1 ...6 7 8 10 11 12 ...30 Чонга был цел, и это главное. Но теперь нам предстояло пройти через Проклятый лес пешком, чувствуя морозное дыхание приближающейся ночи. И снова я понес сына на руках.
«Папа, – говорил Чонга, – я опять слышу голоса, они в моей голове, они шепчут, от них не отделаться».
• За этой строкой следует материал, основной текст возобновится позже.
lemma restless_braid_last:
  assumes "i \<in> I" "k \<in> I" and adj: "k = Suc i \<or> i = Suc k" and "x \<in> X"
    and "U i x \<noteq> x" "U k x \<noteq> x" and "restless U u (U i (U k (U i x)))"
  shows "restless U (u @ [k, i, k]) x \<and>
    apply_word U (u @ [k, i, k]) x = apply_word U (u @ [i, k, i]) x"
  using assms braid[OF assms(2,1) _ assms(4)] descent_persists[OF assms(2,1) _ assms(4,6,5)]
    descent_braid[OF assms(2,1) _ assms(4,6,5)] by auto

lemma restless_braid_equiv_snoc:
  assumes "x \<in> X" "set w \<subseteq> I" "restless U w x" "apply_word U w x = y"
    and fixed: "\<And>i. i \<in> I \<Longrightarrow> U i y = y"
    and "k \<in> I" "U k x \<noteq> x"
  shows "\<exists>v. braid_equiv w (v @ [k]) \<and> restless U (v @ [k]) x \<and> apply_word U (v @ [k]) x = y"
  using assms
proof (induction "length w" arbitrary: w x k rule: less_induct)
  case less
  show ?case
  proof (cases w rule: rev_exhaust)
    case Nil
    with less.prems show ?thesis by simp
  next
    case (snoc w' i)
    have i: "i \<in> I" and di: "U i x \<noteq> x" and x1: "U i x \<in> X"
      using less.prems snoc closed by auto
    have IH: "\<exists>v. braid_equiv u (v @ [l]) \<and> restless U (v @ [l]) z \<and> apply_word U (v @ [l]) z = y"
      if "length u < length w" "z \<in> X" "set u \<subseteq> I" "restless U u z" "apply_word U u z = y"
        "l \<in> I" "U l z \<noteq> z" for u z l
      using less.hyps that fixed by blast
    show ?thesis
    proof (cases "i = k")
      case True
      with less.prems snoc show ?thesis by (intro exI[of _ w']) auto
    next
      case False
      then have "U k (U i x) \<noteq> U i x"
        using descent_persists[OF i \<open>k \<in> I\<close> _ \<open>x \<in> X\<close> di \<open>U k x \<noteq> x\<close>] by blast
      then obtain v where v: "braid_equiv w' (v @ [k])"
        "restless U (v @ [k]) (U i x)" "apply_word U (v @ [k]) (U i x) = y"
        using IH[of w' "U i x" k] less.prems snoc x1 by fastforce
      have w: "braid_equiv w (v @ [k, i])"
        using braid_equiv_append[OF v(1), of "[i]"] snoc by simp
      consider (far) "i + 2 \<le> k \<or> k + 2 \<le> i" | (adj) "k = Suc i \<or> i = Suc k"
        using False by linarith
      then show ?thesis
      proof cases
        case far
        note w
        also have "braid_equiv (v @ [k, i]) ((v @ [i]) @ [k])"
          using braid_equiv_commute_last[of k i v] far by auto
        finally show ?thesis
          using restless_commute_last[OF i \<open>k \<in> I\<close> far \<open>x \<in> X\<close> di \<open>U k x \<noteq> x\<close>, of v] v
          by (intro exI[of _ "v @ [i]"]) auto
      next
        case adj
        let ?x2 = "U k (U i x)"
        have "length v < length w" "set v \<subseteq> I"
          using braid_equiv_length_set[OF v(1)] less.prems snoc by auto
        moreover have "U i ?x2 \<noteq> ?x2"
          using descent_braid[OF i \<open>k \<in> I\<close> adj \<open>x \<in> X\<close> di \<open>U k x \<noteq> x\<close>] .
        ultimately obtain u where u: "braid_equiv v (u @ [i])" "restless U (u @ [i]) ?x2"
          "apply_word U (u @ [i]) ?x2 = y"
          using IH[of v ?x2 i] v closed[OF \<open>k \<in> I\<close> x1] i by auto
        note w
        also have "braid_equiv (v @ [k, i]) (u @ [i, k, i])"
          using braid_equiv_append[OF u(1), of "[k, i]"] by simp
        also have "braid_equiv \<dots> ((u @ [k, i]) @ [k])"
          using braid_equiv_braid_last[of k i u] adj by auto
        finally show ?thesis
          using restless_braid_last[OF i \<open>k \<in> I\<close> adj \<open>x \<in> X\<close> di \<open>U k x \<noteq> x\<close>, of u] u
          by (intro exI[of _ "u @ [k, i]"]) auto
      qed
    qed
  qed
qed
Не страх, а злость обуяла меня; я и сам бы хотел вновь услышать эти шелестящие голоса, открыться им, не трусить, как бывало раньше, а вступить в бой лицом к лицу с духами Проклятого леса. Я взывал к ним мысленно: «Вот он я, Сагда, знахарь и охотник на змей! Сразимся в открытом бою! Вылезайте из своих нор и возьмите меня! Только отпустите сына! Не зовите его! Он ни в чем перед вами не виноват!» Но Проклятый лес был глух, ничто не отвечало на мой призыв. Из нас двоих только Чонга своей непогрешимостью, своим светом приковывал внимание темных духов – вконец испорченный колдовством жрецов лекарь оказался им более не нужен. Я вдруг ощутил себя безлюдным, затерянным на краю света островом, к которому и небеса, и то, что под землей, одинаково глухи, отрезанным от мира, где несчастных детей терзают могучие злобные духи, а я одиноким странником бреду сквозь непролазные заросли с непосильной ношей на сердце, неведомо откуда наперед зная, что мой путь ведет к неминуемой потере. Но я все брел и брел сквозь лесную тьму в густеющий туман, а Чонга меж тем бредил, лишаясь сил у меня на руках:
«Я стану принцем в зачарованном лесу, если уйду с ними, так они говорят. Я миную телесную немощь и муки смерти. Они обещают, что я увижу солнце, утраченное людьми. Так говорят они».
«Не верь, сынок, – увещевал я, – не поддавайся, останься со мной, дом уже близко».
Но меня будто бы отрезало невидимой глухой стеной, по одну сторону которой – мой родной сын, плененный лесными духами, а по другую – я, отчаянно пытающийся достучаться до Чонги, которого я нес, прижимая к груди, но который, вопреки всем усилиям, удалялся от меня все дальше и дальше, с понятной легкостью соблазняемый щедрыми обещаниями скорого избавления от тягот бытия. Неискушенный разум Чонги не привык защищаться. Легковерный и открытый, он впустил в свои светлые чертоги лесных паразитов, и те без труда завладели его детским наивным существом, отравив приторным ядом лживых посулов.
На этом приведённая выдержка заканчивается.